Exposition was delivered via repetitively verbose briefings. Dialogue was unnaturally wooden. Not one but two characters said here: “I can’t believe everything that’s happened.” You could almost hear the cries from sofas nationwide: “Neither can we.”

It had indeed been a bad few weeks at the office for Lana. She lost her best mate and her brother at the hands of her lover, then nearly got blown up by him too. She was understandably traumatised but nothing a trip to the pub couldn’t fix. That, at least, was pleasingly British.

McClure gave a typically powerful performance but was left to do all the heavy lifting alone, a burden which resulted in last week’s cringeworthy drunken dancing scene. She and Godliman were head and shoulders above the rest of the cast, who were given little to work with. Their characters were cardboard cut-outs by comparison.

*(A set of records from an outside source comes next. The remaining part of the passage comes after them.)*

lemma price_inst_ge_if_JR_forces_zero_items:
  assumes "\<gamma> < k" "0 < n" "0 < c"
    and "\<And>i. i < k \<Longrightarrow> sc i = c" "\<And>i. k \<le> i \<Longrightarrow> i < k+\<gamma> \<Longrightarrow> sc i = 0"
    and "\<And>u. u < n \<Longrightarrow> A u \<inter> {k..<k+\<gamma>} \<noteq> {}"
    and "\<And>T. satisfies_JR (k+\<gamma>) n A k T \<Longrightarrow> {k..<k+\<gamma>} \<subseteq> T"
  shows "real k / (real k - real \<gamma>) \<le> price_inst sc (k+\<gamma>) n A k"
proof -
  let ?T = "{..<k-\<gamma>} \<union> {k..<k+\<gamma>}"
  have JR_score: "set_score sc T = real (k - \<gamma>) * c" if "satisfies_JR (k+\<gamma>) n A k T" for T
    using that assms(4,5) assms(7)[OF that] unfolding satisfies_JR_def
    by (intro set_score_if_contains_zero_items) auto
  have "card ?T = k"
    using assms(1) by (subst card_Un_disjoint) auto
  have JR_T: "satisfies_JR (k+\<gamma>) n A k ?T"
  proof (rule satisfies_JR_if_meets_all_users)
    show "\<And>u. u < n \<Longrightarrow> A u \<inter> ?T \<noteq> {}"
      using assms(6) by blast
  qed (use assms(1,2) \<open>card ?T = k\<close> in auto)
  have "opt_JR_value sc (k+\<gamma>) n A k = set_score sc ?T"
    using JR_score JR_T by (intro opt_JR_value_eqI) simp_all
  also have "\<dots> = (real k - real \<gamma>) * c"
    using JR_score[OF JR_T] assms(1) by (simp add: of_nat_diff)
  finally have JR_value: "opt_JR_value sc (k+\<gamma>) n A k = (real k - real \<gamma>) * c" .
  have "real k * c \<le> opt_value sc (k+\<gamma>) k"
    using opt_value_ge[of "{..<k}" "k+\<gamma>" k sc] assms(4) by (simp add: set_score_def)
  moreover have "0 < (real k - real \<gamma>) * c"
    using assms(1,3) by simp
  ultimately have "real k * c / ((real k - real \<gamma>) * c) \<le> price_inst sc (k+\<gamma>) n A k"
    unfolding price_inst_def JR_value by (intro divide_right_mono) simp_all
  then show ?thesis
    using assms(3) by simp
qed
text \<open>\<open>xbar \<xi> n = s_n / n\<close>, with \<open>xbar \<xi> 0 = 0\<close> (division by zero is 0).\<close>
definition xbar :: "(nat \<Rightarrow> real) \<Rightarrow> nat \<Rightarrow> real" where
  "xbar \<xi> n = (\<Sum>k=1..n. \<xi> k) / real n"

definition Kc :: "real \<Rightarrow> (nat \<Rightarrow> real) \<Rightarrow> nat \<Rightarrow> real" where
  "Kc c \<xi> n = (\<Prod>j=2..n. (1 - c * xbar \<xi> (j - 1) * \<xi> j))"

definition Kmix :: "(nat \<Rightarrow> real) \<Rightarrow> nat \<Rightarrow> real" where
  "Kmix \<xi> n = (\<Sum>i. (1/2) ^ Suc i * Kc ((1/2) ^ Suc i) \<xi> n)"

definition E1 :: "(nat \<Rightarrow> real) set" where
  "E1 = {\<xi> \<in> Omega. limsup (\<lambda>n. ereal (sqrt (real n) * \<bar>xbar \<xi> n\<bar>)) \<ge> 1}"

text \<open>Situations are finite lists \<open>[x_1, ..., x_m]\<close>; a strategy maps situations to moves.\<close>
definition capital :: "(real list \<Rightarrow> real) \<Rightarrow> (nat \<Rightarrow> real) \<Rightarrow> nat \<Rightarrow> real" where
  "capital P \<xi> n = (\<Sum>k=1..n. P (map \<xi> [1..<k]) * \<xi> k)"

definition forces :: "(real list \<Rightarrow> real) \<Rightarrow> (nat \<Rightarrow> real) set \<Rightarrow> bool" where
  "forces P E \<longleftrightarrow> (\<forall>\<xi>\<in>Omega. \<forall>n. capital P \<xi> n \<ge> -1) \<and>
     (\<forall>\<xi>\<in>Omega. \<xi> \<notin> E \<longrightarrow> filterlim (capital P \<xi>) at_top sequentially)"

text \<open>List versions: mean of a situation and the capital \<open>K^{(c)}_m\<close> after situation
  \<open>[x_1,...,x_m]\<close>.\<close>
definition mean :: "real list \<Rightarrow> real" where
  "mean s = sum_list s / real (length s)"

definition Kl :: "real \<Rightarrow> real list \<Rightarrow> real" where
  "Kl c s = (\<Prod>j\<in>{1..<length s}. (1 - c * mean (take j s) * s ! j))"

definition Pc :: "real \<Rightarrow> real list \<Rightarrow> real" where
  "Pc c s = - c * mean s * Kl c s"

definition Q :: "real list \<Rightarrow> real" where
  "Q s = (\<Sum>i. (1/2) ^ Suc i * Pc ((1/2) ^ Suc i) s)"

end

theory Submission
  imports Defs
begin

text \<open>Every factor \<open>1 - c xbar_{j-1} x_j\<close> of \<open>K^{(c)}_n\<close> lies in \<open>[1 - c, 1 + c]\<close>, so for
  \<open>c \<le> 1/2\<close> the capitals \<open>K^{(c)}_n\<close> are positive and bounded by \<open>2^n\<close>. Hence the mixture
  converges, capital (which is linear in the strategy) commutes with the infinite sum, and as
  the capital of \<open>P_c\<close> telescopes to \<open>K^{(c)}_n - 1\<close>, the capital of \<open>Q\<close> is the mixture minus 1.

  Off \<open>E_1\<close> there are \<open>a < 1\<close> and \<open>N\<close> with \<open>s_n^2/n \<le> a\<close> for all \<open>n \<ge> N\<close>. For
  \<open>c \<le> (1 - a)/8\<close> the estimate \<open>ln (1 + u) \<ge> u - 2u^2\<close> shows that
  \<open>ln K^{(c)}_n + (c/2) s_n^2/n - (c (1 - a)/4) ln n\<close> is nondecreasing from \<open>N\<close> on, so
  \<open>K^{(c)}_n\<close> grows at least like a positive power of \<open>n\<close>. Already this single term of the
  mixture diverges.\<close>

lemma Omega_abs_eq_1: "\<xi> \<in> Omega \<Longrightarrow> 1 \<le> n \<Longrightarrow> \<bar>\<xi> n\<bar> = 1"
  by (auto simp: Omega_def)

lemma Omega_power2_eq_1: "\<xi> \<in> Omega \<Longrightarrow> 1 \<le> n \<Longrightarrow> \<xi> n ^ 2 = 1"
  by (auto simp: Omega_def)

lemma abs_xbar_le_1:
  assumes "\<xi> \<in> Omega"
  shows "\<bar>xbar \<xi> n\<bar> \<le> 1"
proof (cases "n = 0")
  case True
  then show ?thesis by (simp add: xbar_def)
next
  case False
  have "\<bar>\<Sum>k=1..n. \<xi> k\<bar> \<le> (\<Sum>k=1..n. \<bar>\<xi> k\<bar>)" by (rule sum_abs)
  also have "\<dots> = real n" using Omega_abs_eq_1[OF assms] by simp
  finally show ?thesis using False by (simp add: xbar_def abs_divide)
qed

lemma Kc_Suc: "Kc c \<xi> (Suc m) = Kc c \<xi> m * (1 - c * xbar \<xi> m * \<xi> (Suc m))"
proof (cases "m = 0")
  case True
  then show ?thesis by (simp add: Kc_def xbar_def)
next
  case False
  then have "{2..Suc m} = insert (Suc m) {2..m}" by auto
  then show ?thesis by (simp add: Kc_def mult.commute)
qed

lemma abs_c_xbar_mult_le:
  assumes "\<xi> \<in> Omega" "0 \<le> c"
  shows "\<bar>c * xbar \<xi> m * \<xi> (Suc m)\<bar> \<le> c"
  using assms abs_xbar_le_1[OF assms(1), of m] Omega_abs_eq_1[OF assms(1), of "Suc m"]
  by (simp add: abs_mult mult_left_le)

lemma Kc_pos:
  assumes "\<xi> \<in> Omega" "0 \<le> c" "c < 1"
  shows "0 < Kc c \<xi> n"
proof (induction n)
  case 0
  then show ?case by (simp add: Kc_def)
next
  case (Suc n)
  have "0 < 1 - c * xbar \<xi> n * \<xi> (Suc n)"
    using abs_c_xbar_mult_le[OF assms(1,2), of n] assms(3) by linarith
  with Suc show ?case by (simp add: Kc_Suc)
qed

lemma abs_Kc_le_power:
  assumes "\<xi> \<in> Omega" "0 \<le> c"
  shows "\<bar>Kc c \<xi> n\<bar> \<le> (1 + c) ^ n"
proof (induction n)
  case 0
  then show ?case by (simp add: Kc_def)
next
  case (Suc n)
  have "\<bar>1 - c * xbar \<xi> n * \<xi> (Suc n)\<bar> \<le> 1 + c"
    using abs_c_xbar_mult_le[OF assms, of n] by linarith
  with Suc have "\<bar>Kc c \<xi> n\<bar> * \<bar>1 - c * xbar \<xi> n * \<xi> (Suc n)\<bar> \<le> (1 + c) ^ n * (1 + c)"
    by (intro mult_mono) auto
  then show ?case by (simp add: Kc_Suc abs_mult mult.commute)
qed

lemma abs_Kc_le_2_power:
  assumes "\<xi> \<in> Omega" "0 \<le> c" "c \<le> 1"
  shows "\<bar>Kc c \<xi> n\<bar> \<le> 2 ^ n"
proof -
  have "(1 + c) ^ n \<le> 2 ^ n" using assms(2,3) by (intro power_mono) auto
  with abs_Kc_le_power[OF assms(1,2)] show ?thesis by (rule order_trans)
qed

lemma mean_map_upt: "mean (map \<xi> [1..<Suc m]) = xbar \<xi> m"
  by (simp add: mean_def xbar_def sum_set_upt_conv_sum_list_nat[symmetric]
      atLeastLessThanSuc_atLeastAtMost del: upt_Suc)

lemma Kc_eq_prod_atLeastLessThan: "Kc c \<xi> m = (\<Prod>j\<in>{1..<m}. 1 - c * xbar \<xi> j * \<xi> (Suc j))"
proof (induction m)
  case 0
  then show ?case by (simp add: Kc_def)
next
  case (Suc m)
  then show ?case by (cases "m = 0") (simp_all add: Kc_def Kc_Suc prod.atLeastLessThan_Suc)
qed

lemma Kl_map_upt: "Kl c (map \<xi> [1..<Suc m]) = Kc c \<xi> m"
  unfolding Kl_def Kc_eq_prod_atLeastLessThan
proof (rule prod.cong)
  fix j assume "j \<in> {1..<m}"
  then have "take j (map \<xi> [1..<Suc m]) = map \<xi> [1..<Suc j]" "map \<xi> [1..<Suc m] ! j = \<xi> (Suc j)"
    by (simp_all add: take_map del: upt_Suc)
  then show "1 - c * mean (take j (map \<xi> [1..<Suc m])) * map \<xi> [1..<Suc m] ! j
      = 1 - c * xbar \<xi> j * \<xi> (Suc j)"
    by (simp only: mean_map_upt)
qed simp

lemma Pc_map_upt: "Pc c (map \<xi> [1..<Suc m]) = - c * xbar \<xi> m * Kc c \<xi> m"
  unfolding Pc_def Kl_map_upt mean_map_upt by simp

lemma abs_Pc_map_upt_le_2_power:
  assumes "\<xi> \<in> Omega" "0 \<le> c" "c \<le> 1"
  shows "\<bar>Pc c (map \<xi> [1..<Suc m])\<bar> \<le> 2 ^ m"
proof -
  have "\<bar>c * xbar \<xi> m\<bar> \<le> 1"
    using assms abs_xbar_le_1[OF assms(1), of m] by (simp add: abs_mult mult_le_one)
  then have "\<bar>c * xbar \<xi> m\<bar> * \<bar>Kc c \<xi> m\<bar> \<le> 1 * 2 ^ m"
    using abs_Kc_le_2_power[OF assms] by (intro mult_mono) auto
  then show ?thesis unfolding Pc_map_upt using assms(2) by (simp add: abs_mult)
qed

lemma capital_Pc: "capital (Pc c) \<xi> n = Kc c \<xi> n - 1"
proof (induction n)
  case 0
  then show ?case by (simp add: capital_def Kc_def)
next
  case (Suc n)
  have "capital (Pc c) \<xi> (Suc n) = capital (Pc c) \<xi> n + Pc c (map \<xi> [1..<Suc n]) * \<xi> (Suc n)"
    by (simp add: capital_def del: upt_Suc)
  also have "\<dots> = Kc c \<xi> (Suc n) - 1"
    by (simp only: Suc.IH Pc_map_upt) (simp add: Kc_Suc algebra_simps)
  finally show ?case .
qed

lemma capital_const_mult: "capital (\<lambda>s. w * P s) \<xi> n = w * capital P \<xi> n"
  by (simp add: capital_def sum_distrib_left mult.assoc)

lemma capital_suminf:
  assumes "\<And>k. k \<in> {1..n} \<Longrightarrow> summable (\<lambda>i. P i (map \<xi> [1..<k]))"
  shows "capital (\<lambda>s. \<Sum>i. P i s) \<xi> n = (\<Sum>i. capital (P i) \<xi> n)"
proof -
  have "capital (\<lambda>s. \<Sum>i. P i s) \<xi> n = (\<Sum>k=1..n. \<Sum>i. P i (map \<xi> [1..<k]) * \<xi> k)"
    unfolding capital_def using assms by (intro sum.cong refl suminf_mult2)
  also have "\<dots> = (\<Sum>i. \<Sum>k=1..n. P i (map \<xi> [1..<k]) * \<xi> k)"
    using assms by (intro suminf_sum[symmetric] summable_mult2)
  finally show ?thesis unfolding capital_def .
qed

lemma summable_half_powers_mult_bounded:
  fixes f :: "nat \<Rightarrow> real"
  assumes "\<And>i. \<bar>f i\<bar> \<le> B"
  shows "summable (\<lambda>i. (1/2) ^ Suc i * f i)"
proof (rule summable_comparison_test')
  show "summable (\<lambda>i. B * (1/2::real) ^ Suc i)"
    using summable_mult[OF sums_summable[OF power_half_series]] .
  show "norm ((1/2) ^ Suc i * f i) \<le> B * (1/2) ^ Suc i" for i
    using assms[of i] by (simp add: abs_mult)
qed

lemma half_power_Suc_le: "(1/2::real) ^ Suc i \<le> 1/2"
  using power_le_one[of "1/2::real" i] by simp

lemma summable_Kmix:
  assumes "\<xi> \<in> Omega"
  shows "summable (\<lambda>i. (1/2) ^ Suc i * Kc ((1/2) ^ Suc i) \<xi> n)"
proof (rule summable_half_powers_mult_bounded)
  show "\<bar>Kc ((1/2) ^ Suc i) \<xi> n\<bar> \<le> 2 ^ n" for i
    using abs_Kc_le_2_power[OF assms] half_power_Suc_le[of i] by simp
qed

lemma Kmix_eq_1_plus_capital_Q:
  assumes "\<xi> \<in> Omega"
  shows "Kmix \<xi> n = 1 + capital Q \<xi> n"
proof -
  define w :: "nat \<Rightarrow> real" where "w i = (1/2) ^ Suc i" for i
  have w: "0 \<le> w i" "w i \<le> 1" for i
    using half_power_Suc_le[of i] by (simp_all add: w_def)
  have "summable (\<lambda>i. w i * Pc (w i) (map \<xi> [1..<k]))" if k: "k \<in> {1..n}" for k
  proof -
    obtain m where "k = Suc m" using k by (cases k) auto
    then show ?thesis unfolding w_def
      using abs_Pc_map_upt_le_2_power[OF assms w[unfolded w_def]]
      by (intro summable_half_powers_mult_bounded) blast
  qed
  then have "capital Q \<xi> n = (\<Sum>i. capital (\<lambda>s. w i * Pc (w i) s) \<xi> n)"
    unfolding Q_def w_def[symmetric] by (rule capital_suminf)
  also have "\<dots> = (\<Sum>i. w i * Kc (w i) \<xi> n - w i)"
    by (simp add: capital_const_mult capital_Pc right_diff_distrib)
  also have "\<dots> = Kmix \<xi> n - 1"
    using suminf_diff[OF summable_Kmix[OF assms] sums_summable[OF power_half_series]]
      power_half_series
    by (simp add: Kmix_def w_def sums_iff)
  finally show ?thesis by simp
qed

lemma Kmix_ge_term:
  assumes "\<xi> \<in> Omega"
  shows "(1/2) ^ Suc i * Kc ((1/2) ^ Suc i) \<xi> n \<le> Kmix \<xi> n"
proof -
  have "0 \<le> (1/2::real) ^ Suc j * Kc ((1/2) ^ Suc j) \<xi> n" for j
    using Kc_pos[OF assms, of "(1/2) ^ Suc j" n] half_power_Suc_le[of j] by simp
  then have "(\<Sum>j\<in>{i}. (1/2) ^ Suc j * Kc ((1/2) ^ Suc j) \<xi> n) \<le> Kmix \<xi> n"
    unfolding Kmix_def by (intro sum_le_suminf summable_Kmix[OF assms]) auto
  then show ?thesis by simp
qed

Trigger Point was overseen by Line of Duty supremo Jed Mercurio. His fingerprints were all over it, from the bent coppers to the copious use of “mate”. Yet whereas Line of Duty constructs an immersive, convincing fictional world, Trigger Point couldn’t sustain its quality and lapsed into self-parody. Jargon and shouting proved no substitute for a coherent plot and smart script.

Mercurio has confirmed that Trigger Point was “set up to be a returning series”. But when it does return – series two has already been commissioned – it needs sharper writing and a stronger ensemble. Besides, if both Mercurio and McClure are involved, can we politely suggest prioritising another series of Line of Duty instead? Then we truly would be sucking diesel.